To the extent a beneficiary of a Crummey trust had a right to withdraw the trust assets initially, the beneficiary may be viewed for property law purposes as having funded a trust for himself or herself. Therefore, such a trust may not provide complete protection from the beneficiary's creditors even if the trust contains a "spendthrift provision." State law may vary on this point. However, with respect to the donor's creditors, once a gift is made to the Crummey trust, the donor's creditors should not be able to reach the assets of the Crummey trust unless the gift was a fraudulent conveyance. The protection of a 529 savings account from the account owner's creditors is more limited and, except with respect to the limited federal protection in a bankruptcy proceeding, depends upon state law.
Advantages of Crummey Trusts Over 529 Savings Accounts
Distributions may be made from a Crummey trust to the beneficiary for any purpose permitted by the trust instrument without adverse tax consequences. In contrast, distributions from a 529 savings account that are not for qualified higher education expenses will generally be subject to adverse income taxation and a penalty tax. Further, because the Trustee is subject to fiduciary duties, the Trustee cannot divert the trust assets to non-beneficiaries or to the Trustee.
Disadvantages of Crummey Trusts Over 529 Savings Accounts
On the other hand, earnings on investments held in a Crummey trust are subject to income taxes even if used for qualified higher education expenses.

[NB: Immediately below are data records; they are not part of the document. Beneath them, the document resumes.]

lemma chromatic_colouring:
  assumes "simple_graph V E"
  obtains c where "\<forall>v\<in>V. c v < chromatic_number V E" "\<forall>u\<in>V. \<forall>v\<in>V. E u v \<longrightarrow> c u \<noteq> c v"
proof -
  obtain f where f: "bij_betw f V {0..<card V}"
    using ex_bij_betw_finite_nat simple_graphD(1)[OF assms] by blast
  have "\<exists>(t::nat) c. (\<forall>v\<in>V. c v < t) \<and> (\<forall>u\<in>V. \<forall>v\<in>V. E u v \<longrightarrow> c u \<noteq> c v)"
  proof (intro exI[of _ "card V"] exI[of _ f] conjI ballI impI)
    show "f v < card V" if "v \<in> V" for v
      using bij_betw_apply[OF f that] by simp
    show "f u \<noteq> f v" if "u \<in> V" "v \<in> V" "E u v" for u v
      using inj_on_eq_iff[OF bij_betw_imp_inj_on[OF f] that(1,2)] that(3) simple_graphD(4)[OF assms]
      by metis
  qed
  then have "\<exists>c. (\<forall>v\<in>V. c v < chromatic_number V E) \<and> (\<forall>u\<in>V. \<forall>v\<in>V. E u v \<longrightarrow> c u \<noteq> c v)"
    unfolding chromatic_number_def by (rule LeastI_ex)
  then show ?thesis
    using that by blast
qed
theorem proposition3p1:
  fixes V :: "'v set" and \<alpha> :: "'v \<Rightarrow> real" and k :: nat
  assumes "finite V" and "\<forall>x\<in>V. \<alpha> x > 0" and "k \<ge> 1"
  shows "(\<forall>f g. inner_mu V \<alpha> k (ann V g) f
            = real k / (sum \<alpha> V + real k - 1) * inner_mu V \<alpha> (k - 1) g (cre V \<alpha> f))
    \<and> (\<forall>f. \<exists>g h. (\<forall>\<xi>\<in>Xi V (k - 1). cre V \<alpha> h \<xi> = 0)
                 \<and> (\<forall>\<eta>\<in>Xi V k. f \<eta> = ann V g \<eta> + h \<eta>))
    \<and> (\<forall>g h. (\<forall>\<xi>\<in>Xi V (k - 1). cre V \<alpha> h \<xi> = 0) \<longrightarrow> inner_mu V \<alpha> k (ann V g) h = 0)
    \<and> (\<forall>g. (\<forall>\<xi>\<in>Xi V (k - 1). cre V \<alpha> (ann V g) \<xi> = 0) \<longrightarrow> (\<forall>\<eta>\<in>Xi V k. ann V g \<eta> = 0))"
proof -
  obtain m where k: "k = Suc m"
    using assms(3) by (cases k) auto
  have adjoint: "inner_mu V \<alpha> k (ann V g) f
      = real k / (sum \<alpha> V + real k - 1) * inner_mu V \<alpha> (k - 1) g (cre V \<alpha> f)" for f g
    using inner_mu_ann_cre[OF assms(1,2)] by (simp add: k add_ac)
  have orthogonal: "inner_mu V \<alpha> k (ann V g) h = 0"
    if "\<forall>\<xi>\<in>Xi V (k - 1). cre V \<alpha> h \<xi> = 0" for g h
    using that unfolding adjoint by (simp add: inner_mu_def)
  show ?thesis
    using adjoint orthogonal ann_image_plus_cre_kernel[OF assms(1,2), of "k - 1"]
      ann_eq_0_if_cre_ann_eq_0[OF assms(1,2), of "k - 1"]
    unfolding k diff_Suc_1 by blast
qed

end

The requirement that the beneficiaries be given notice of each contribution to the trust and of the beneficiaries' right of withdrawal over such contribution imposes some administrative responsibilities on the Trustee. Further, the beneficiaries may exercise the right of withdrawal, which may not be the result for which the donor hoped.
Finally, a Crummey trust should be prepared by an attorney, while 529 savings accounts are often created without the assistance of an attorney.

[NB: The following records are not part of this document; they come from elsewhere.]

lemma (in prob_space) AE_regular_path:
  assumes "0 < \<beta>" and "\<And>i. distributed M lborel (E i) (exponential_density \<beta>)"
    and "indep_vars (\<lambda>_. borel) E UNIV" and "\<And>i. AE \<omega> in M. 0 \<le> U i \<omega>"
  shows "AE \<omega> in M. regular_path E U \<omega>"
proof -
  have "\<forall>i. AE \<omega> in M. 0 < E i \<omega>"
    using assms(1,2) by (blast intro: AE_exponential_pos)
  then have "AE \<omega> in M. \<forall>i. 0 < E i \<omega>" by (simp add: AE_all_countable)
  moreover have "AE \<omega> in M. \<forall>i. 0 \<le> U i \<omega>"
    using assms(4) by (simp add: AE_all_countable)
  moreover have "AE \<omega> in M. \<exists>\<^sub>F i in sequentially. 1 < E i \<omega>"
    using assms(1-3) by (rule AE_frequently_exponential_gt_1)
  ultimately show ?thesis
    unfolding regular_path_def
    by eventually_elim (auto intro: finite_partial_sums_le less_imp_le)
qed

lemma Ncount_mono:
  assumes "regular_path E U \<omega>" "t \<le> s"
  shows "Ncount E t \<omega> \<le> Ncount E s \<omega>"
  unfolding Ncount_def using assms
  by (intro card_mono) (auto simp: regular_path_def intro: rev_finite_subset)

lemma ctrl_surplus_decrease:
  assumes \<omega>: "regular_path E U \<omega>"
    and C: "\<forall>r\<ge>0. c \<le> C r \<omega>" "mono_on {0..} (\<lambda>r. C r \<omega>)" and ts: "0 \<le> t" "t \<le> s"
  shows "ctrl_surplus E U p x C s \<omega> \<le> ctrl_surplus E U p x C t \<omega> - (c - p) * (s - t)"
proof -
  have "(\<Sum>i<Ncount E t \<omega>. U i \<omega>) \<le> (\<Sum>i<Ncount E s \<omega>. U i \<omega>)"
    using \<omega> Ncount_mono[OF \<omega> ts(2)] by (intro sum_mono2) (auto simp: regular_path_def)
  moreover have int: "(\<lambda>r. C r \<omega>) integrable_on {0..s}"
    by (rule integrable_on_mono_on[OF mono_on_subset[OF C(2)]]) auto
  then have "integral {0..s} (\<lambda>r. C r \<omega>) = integral {0..t} (\<lambda>r. C r \<omega>) + integral {t..s} (\<lambda>r. C r \<omega>)"
    using Henstock_Kurzweil_Integration.integral_combine[OF ts int] by simp
  moreover have "integral {t..s} (\<lambda>_. c) \<le> integral {t..s} (\<lambda>r. C r \<omega>)"
    using integrable_on_subinterval[OF int, of t s] C(1) ts by (intro integral_le) auto
  ultimately show ?thesis
    using ts unfolding ctrl_surplus_def surplus_def by (simp add: algebra_simps)
qed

To comply with certain Treasury regulations, we state that (i) this article is written to support the promotion and marketing of the transactions or matters addressed herein, (ii) this article is not intended or written to be used, and cannot be used, by any person for the purpose of avoiding U.S. federal tax penalties that may be imposed on such person and (iii) each taxpayer should seek advice based on the taxpayer's particular circumstances from an independent tax advisor.